Time To Talk About Security

Sharing information about IoT security is the only way it will be dealt with effectively.


One of the common refrains about the IoT is that it opens up a whole bunch of new security issues that no one has dealt with in the past. The problem is that aside from complaining about it, most companies aren’t actually sharing information because they consider it either a proprietary advantage or a tip-off to thieves.

The thieves, on the other hand, have no problems sharing information about security holes. In fact, breaches are discussed before and after the fact, identifying security holes and techniques that have resulted in the largest thefts of personal data in history—hundreds of millions of names, addresses, credit card numbers and even medical data. And to make matters worse, the same technology that was meant to improve user experiences by mining data is now being sold by thieves for more nefarious purposes such as illegal transactions, skimming and outright identity theft.

There are several problems going on here that need to be addressed across the entire semiconductor industry, and even up into the electronics devices:

1. Everyone needs to start talking. While security usually involves an element of keeping things quiet, which is why it took so long for breaches at big retailers, banks and credit companies to surface, sharing all of those details will go a long way toward quickly closing similar loopholes at other establishments. The network for instant communication is all around us, but so far only the thieves are using it. And a collection of highly sophisticated, Internet-savvy crooks with the same or better background in programming and hardware design as the best security experts makes openness about breaches a requirement.

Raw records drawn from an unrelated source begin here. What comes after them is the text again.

(* There exists a function $\beta:\mathbb{N}\times\mathbb{N}\to\mathbb{N}$ with the following property. Let $G=(A,B,E)$ be a bipartite graph with $A=\{\ell_1,\dots,\ell_m\}$, and let $\mathcal{P}=\{P_1,\dots,P_m\}$ be a partition of $B$ such that (1) for every $i\in[m]$, $P_i\subseteq N_G(\ell_i)$; and (2) for every $i\in[m]$, $N_G(\ell_i)\cap P_j=\emptyset$ for all $j<i$ and $N_G(\ell_i)\cap P_j\neq\emptyset$ for all $j>i$. Suppose further that $m>\beta(a,b)$ for some $a,b\in\mathbb{N}$. Then $G$ contains the half-graph $H_a$ of order $a$ as an induced subgraph, or $G$ contains a $1$-subdivision of $K_b$ as an induced subgraph in which all principal vertices are in $A$.
   Context: $[m]=\{1,\dots,m\}$. The half-graph $H_a$ of order $a$ has vertices $u_1,\dots,u_a,v_1,\dots,v_a$ and edges $u_iv_j$ for $1\le i\le j\le a$. A $1$-subdivision of $K_b$ is obtained from the complete graph $K_b$ by replacing each edge by a path with one internal vertex; the original $b$ vertices are the principal vertices. *)

theory Defs
  imports Main
begin

definition bipartite_graph :: "nat set \<Rightarrow> nat set \<Rightarrow> (nat \<Rightarrow> nat \<Rightarrow> bool) \<Rightarrow> bool" where
  "bipartite_graph A B E \<longleftrightarrow> finite A \<and> finite B \<and> A \<inter> B = {} \<and>
     (\<forall>x y. E x y \<longrightarrow> E y x) \<and>
     (\<forall>x y. E x y \<longrightarrow> (x \<in> A \<and> y \<in> B) \<or> (x \<in> B \<and> y \<in> A))"

definition nbhd :: "(nat \<Rightarrow> nat \<Rightarrow> bool) \<Rightarrow> nat \<Rightarrow> nat set" where
  "nbhd E x = {y. E x y}"

definition induced_embedding ::
  "('w \<Rightarrow> 'w \<Rightarrow> bool) \<Rightarrow> 'w set \<Rightarrow> (nat \<Rightarrow> nat \<Rightarrow> bool) \<Rightarrow> nat set \<Rightarrow> ('w \<Rightarrow> nat) \<Rightarrow> bool" where
  "induced_embedding H W E V f \<longleftrightarrow> inj_on f W \<and> f ` W \<subseteq> V \<and>
     (\<forall>x\<in>W. \<forall>y\<in>W. x \<noteq> y \<longrightarrow> (E (f x) (f y) \<longleftrightarrow> H x y))"

text \<open>Half-graph H_a: u_i = Inl i, v_j = Inr j (1 \<le> i,j \<le> a), edges u_i v_j for i \<le> j.\<close>
definition half_graph_vertices :: "nat \<Rightarrow> (nat + nat) set" where
  "half_graph_vertices a = Inl ` {1..a} \<union> Inr ` {1..a}"

fun half_graph_edge :: "nat + nat \<Rightarrow> nat + nat \<Rightarrow> bool" where
  "half_graph_edge (Inl i) (Inr j) = (i \<le> j)"
| "half_graph_edge (Inr j) (Inl i) = (i \<le> j)"
| "half_graph_edge _ _ = False"

text \<open>1-subdivision of K_b: principal vertices Inl i (1 \<le> i \<le> b), subdivision vertex
Inr (i,j) for 1 \<le> i < j \<le> b, adjacent exactly to Inl i and Inl j.\<close>
definition subdiv_vertices :: "nat \<Rightarrow> (nat + nat \<times> nat) set" where
  "subdiv_vertices b = Inl ` {1..b} \<union> Inr ` {(i, j). 1 \<le> i \<and> i < j \<and> j \<le> b}"

fun subdiv_edge :: "nat + nat \<times> nat \<Rightarrow> nat + nat \<times> nat \<Rightarrow> bool" where
  "subdiv_edge (Inl k) (Inr (i, j)) = (k = i \<or> k = j)"
| "subdiv_edge (Inr (i, j)) (Inl k) = (k = i \<or> k = j)"
| "subdiv_edge _ _ = False"

end

(* For i < j choose w_ij in P_j adjacent to l_i. Then l_j is adjacent to w_ij too, while no l_k
   with k > j is. Colour a triple i < j < k by whether l_j sees w_ik and, if not, whether l_i sees
   w_jk. Ramsey's theorem for triples yields a monochromatic set of a + b + 1 indices, renumbered
   0, ..., a + b. In the first colour l_s and w_0t (1 <= s, t <= a) span an induced half-graph; in
   the second l_(s-1) and w_(t-1)a do; in the third the w_ij with i < j < b are the subdivision
   vertices of an induced 1-subdivision of K_b with principal vertices l_0, ..., l_(b-1). *)

theory Submission
  imports Defs "HOL-Library.Ramsey"
begin

lemma bipartite_induced_embeddingI:
  fixes H :: "'x + 'y \<Rightarrow> 'x + 'y \<Rightarrow> bool"
  assumes bip: "bipartite_graph A B E"
    and UA: "U ` X \<subseteq> A" and VB: "V ` Y \<subseteq> B"
    and inj: "inj_on U X" "inj_on V Y"
    and H_left: "\<And>x x'. \<not> H (Inl x) (Inl x')" and H_right: "\<And>y y'. \<not> H (Inr y) (Inr y')"
    and H_sym: "\<And>x y. H (Inr y) (Inl x) = H (Inl x) (Inr y)"
    and adj: "\<And>x y. x \<in> X \<Longrightarrow> y \<in> Y \<Longrightarrow> E (U x) (V y) \<longleftrightarrow> H (Inl x) (Inr y)"
  shows "induced_embedding H (Inl ` X \<union> Inr ` Y) E (A \<union> B) (case_sum U V)"
proof -
  have AB: "A \<inter> B = {}" and E_sym: "\<And>u v. E u v = E v u"
    and E_between: "\<And>u v. E u v \<Longrightarrow> (u \<in> A \<and> v \<in> B) \<or> (u \<in> B \<and> v \<in> A)"
    using bip unfolding bipartite_graph_def by blast+
  have "inj_on (case_sum U V) (Inl ` X \<union> Inr ` Y)"
  proof (rule inj_onI)
    fix u v assume "u \<in> Inl ` X \<union> Inr ` Y" "v \<in> Inl ` X \<union> Inr ` Y"
      and "case_sum U V u = case_sum U V v"
    then show "u = v"
      using inj UA VB AB by (auto dest: inj_onD) (metis disjoint_iff image_subset_iff)+
  qed
  moreover have "E (case_sum U V u) (case_sum U V v) \<longleftrightarrow> H u v"
    if "u \<in> Inl ` X \<union> Inr ` Y" "v \<in> Inl ` X \<union> Inr ` Y" for u v
  proof -
    have "\<not> E p q" if "p \<in> A" "q \<in> A" for p q
      using that AB E_between by blast
    moreover have "\<not> E p q" if "p \<in> B" "q \<in> B" for p q
      using that AB E_between by blast
    ultimately show ?thesis
      using that UA VB H_left H_right by (auto simp: adj H_sym E_sym image_subset_iff)
  qed
  ultimately show ?thesis
    using UA VB unfolding induced_embedding_def by auto
qed

lemma half_graph_embeddingI:
  assumes bip: "bipartite_graph A B E"
    and UA: "U ` {1..a} \<subseteq> A" and VB: "V ` {1..a} \<subseteq> B"
    and adj: "\<And>s t. s \<in> {1..a} \<Longrightarrow> t \<in> {1..a} \<Longrightarrow> E (U s) (V t) \<longleftrightarrow> s \<le> t"
  shows "\<exists>f. induced_embedding half_graph_edge (half_graph_vertices a) E (A \<union> B) f"
proof -
  have "inj_on U {1..a}"
    by (rule inj_onI) (metis adj order.refl order.antisym)
  moreover have "inj_on V {1..a}"
    by (rule inj_onI) (metis adj order.refl order.antisym)
  ultimately show ?thesis
    using bipartite_induced_embeddingI[OF bip UA VB, of half_graph_edge] adj
    unfolding half_graph_vertices_def by fastforce
qed

lemma subdivision_embeddingI:
  assumes bip: "bipartite_graph A B E"
    and UA: "U ` {1..b} \<subseteq> A" and U_inj: "inj_on U {1..b}"
    and VB: "\<And>i j. 1 \<le> i \<Longrightarrow> i < j \<Longrightarrow> j \<le> b \<Longrightarrow> V i j \<in> B"
    and adj: "\<And>k i j. k \<in> {1..b} \<Longrightarrow> 1 \<le> i \<Longrightarrow> i < j \<Longrightarrow> j \<le> b \<Longrightarrow>
      E (U k) (V i j) \<longleftrightarrow> k = i \<or> k = j"
  shows "\<exists>f. induced_embedding subdiv_edge (subdiv_vertices b) E (A \<union> B) f \<and>
           (\<forall>i\<in>{1..b}. f (Inl i) \<in> A)"
proof -
  define pairs where "pairs = {(i, j). 1 \<le> i \<and> i < j \<and> (j::nat) \<le> b}"
  have "inj_on (case_prod V) pairs"
  proof (rule inj_onI, clarify)
    fix i j i' j' assume ij: "(i, j) \<in> pairs" and ij': "(i', j') \<in> pairs"
      and "V i j = V i' j'"
    have same: "k = i \<or> k = j \<longleftrightarrow> k = i' \<or> k = j'" if "k \<in> {1..b}" for k
      using adj[OF that, of i j] adj[OF that, of i' j'] ij ij' \<open>V i j = V i' j'\<close>
      unfolding pairs_def by auto
    show "i = i' \<and> j = j'"
      using same[of i] same[of i'] same[of j] ij ij' unfolding pairs_def by auto
  qed
  moreover have "case_prod V ` pairs \<subseteq> B"
    using VB unfolding pairs_def by auto
  ultimately have "induced_embedding subdiv_edge (subdiv_vertices b) E (A \<union> B)
      (case_sum U (case_prod V))"
    using bipartite_induced_embeddingI[OF bip UA, of "case_prod V" pairs subdiv_edge] U_inj adj
    unfolding subdiv_vertices_def pairs_def by fastforce
  moreover have "\<forall>i\<in>{1..b}. case_sum U (case_prod V) (Inl i) \<in> A"
    using UA by auto
  ultimately show ?thesis
    by blast
qed

lemma finite_strict_mono_enumeration:
  fixes H :: "'a::linorder set"
  assumes "finite H"
  obtains h where "strict_mono_on {..<card H} h" "h ` {..<card H} = H"
proof
  let ?xs = "sorted_list_of_set H"
  show "strict_mono_on {..<card H} ((!) ?xs)"
    by (rule strict_mono_onI) (simp add: assms sorted_wrt_nth_less)
  show "(!) ?xs ` {..<card H} = H"
    using assms by (simp add: lessThan_atLeast0 nth_image)
qed

lemma ramsey_ordered_triples:
  fixes f :: "nat \<Rightarrow> nat \<Rightarrow> nat \<Rightarrow> nat"
  assumes ramsey: "partn_lst {..<N} (replicate n K) 3"
    and f: "\<And>x y z. x < y \<Longrightarrow> y < z \<Longrightarrow> z < N \<Longrightarrow> f x y z < n"
  obtains c h where "c < n" "strict_mono_on {..<K} h" "h ` {..<K} \<subseteq> {..<N}"
    "\<And>t1 t2 t3. t1 < t2 \<Longrightarrow> t2 < t3 \<Longrightarrow> t3 < K \<Longrightarrow> f (h t1) (h t2) (h t3) = c"
proof -
  define col where "col T = f (Min T) (Max (T - {Max T})) (Max T)" for T
  have col_triple: "col {x, y, z} = f x y z" if "x < y" "y < z" for x y z
  proof -
    have "{x, y, z} - {z} = {x, y}"
      using that by auto
    then show ?thesis
      using that unfolding col_def by (simp add: min_def max_def)
  qed
  have "col \<in> nsets {..<N} 3 \<rightarrow> {..<n}"
    using f by (auto simp: ordered_nsets_3_eq col_triple)
  then obtain c H where c: "c < n" and "H \<in> nsets {..<N} K" and mono: "col ` nsets H 3 \<subseteq> {c}"
    using partn_lstE[OF ramsey] by (metis length_replicate nth_replicate)
  then have "finite H" "card H = K" "H \<subseteq> {..<N}"
    by (auto simp: nsets_def)
  then obtain h where h: "strict_mono_on {..<K} h" "h ` {..<K} = H"
    using finite_strict_mono_enumeration by metis
  show thesis
  proof (rule that[OF c h(1)])
    show "h ` {..<K} \<subseteq> {..<N}"
      using h(2) \<open>H \<subseteq> {..<N}\<close> by simp
    fix t1 t2 t3 assume t: "t1 < t2" "t2 < t3" "t3 < K"
    then have lt: "h t1 < h t2" "h t2 < h t3"
      using strict_mono_onD[OF h(1)] by auto
    moreover have "{h t1, h t2, h t3} \<in> nsets H 3"
      using t lt h(2) by (auto simp: nsets_def card_insert_if)
    ultimately show "f (h t1) (h t2) (h t3) = c"
      using mono col_triple by fastforce
  qed
qed

locale ladder =
  fixes A B :: "nat set" and E :: "nat \<Rightarrow> nat \<Rightarrow> bool"
    and K :: nat and L :: "nat \<Rightarrow> nat" and W :: "nat \<Rightarrow> nat \<Rightarrow> nat"
  assumes bipartite: "bipartite_graph A B E"
    and L_in: "t < K \<Longrightarrow> L t \<in> A"
    and L_inj: "inj_on L {..<K}"
    and W_in: "t < s \<Longrightarrow> s < K \<Longrightarrow> W t s \<in> B"
    and W_adj_lower: "t < s \<Longrightarrow> s < K \<Longrightarrow> E (L t) (W t s)"
    and W_adj_upper: "t < s \<Longrightarrow> s < K \<Longrightarrow> E (L s) (W t s)"
    and W_nonadj_above: "t < s \<Longrightarrow> s < r \<Longrightarrow> r < K \<Longrightarrow> \<not> E (L r) (W t s)"
begin

lemma ladder_reindex:
  assumes h: "strict_mono_on {..<K'} h" "h ` {..<K'} \<subseteq> {..<K}"
  shows "ladder A B E K' (L \<circ> h) (\<lambda>t s. W (h t) (h s))"
proof
  have "inj_on h {..<K'}"
    using h(1) by (rule strict_mono_on_imp_inj_on)
  then show "inj_on (L \<circ> h) {..<K'}"
    using inj_on_subset[OF L_inj h(2)] by (rule comp_inj_on)
  have hK: "t < K' \<Longrightarrow> h t < K" for t
    using h(2) by auto
  have hlt: "t < s \<Longrightarrow> s < K' \<Longrightarrow> h t < h s" for t s
    using strict_mono_onD[OF h(1)] by simp
  show "bipartite_graph A B E"
    by (rule bipartite)
  show "t < K' \<Longrightarrow> (L \<circ> h) t \<in> A" for t
    using L_in hK by simp
  show "t < s \<Longrightarrow> s < K' \<Longrightarrow> W (h t) (h s) \<in> B" for t s
    using W_in hK hlt by simp
  show "t < s \<Longrightarrow> s < K' \<Longrightarrow> E ((L \<circ> h) t) (W (h t) (h s))" for t s
    using W_adj_lower hK hlt by simp
  show "t < s \<Longrightarrow> s < K' \<Longrightarrow> E ((L \<circ> h) s) (W (h t) (h s))" for t s
    using W_adj_upper hK hlt by simp
  show "t < s \<Longrightarrow> s < r \<Longrightarrow> r < K' \<Longrightarrow> \<not> E ((L \<circ> h) r) (W (h t) (h s))" for t s r
    using W_nonadj_above hK hlt by (metis comp_apply order.strict_trans)
qed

2. Costs can only be contained with standards. Designing secure chips and systems costs money. The better the design, the more money it costs. That’s why the only effective approach for containing costs is the equivalent of an open-source security model, with modifications. You don’t want a rogue nation state adding things into design, but you also need to create an infrastructure where modifications can be made quickly and relatively easily by a multi-company standards group as changes are required. This will be essential in markets where there is little wiggle room on cost, such as consumer electronics and wearables.

3. Security needs to be considered in the context of use models. While it’s important to build security features into designs, security also needs to be contextual. You don’t need high-level security for an atomic clock, but if that same chip is being used in a smart thermostat where information is relayed to a remote device, it may. The communication between components vendors and OEMs or device makers needs to be much more open than in the past, which isn’t always so easy in a disaggregated supply chain.

Finally, standards need to be set, reviewed, consolidated, collapsed and new standards need to be added. This is a never-ending cycle, and it requires diligence, collaboration, and commitment by all electronics companies. For the IoT to be successful, it has to be secure and safe. And at this point, the electronics industry has barely scratched the surface on what promises to be a monumental undertaking.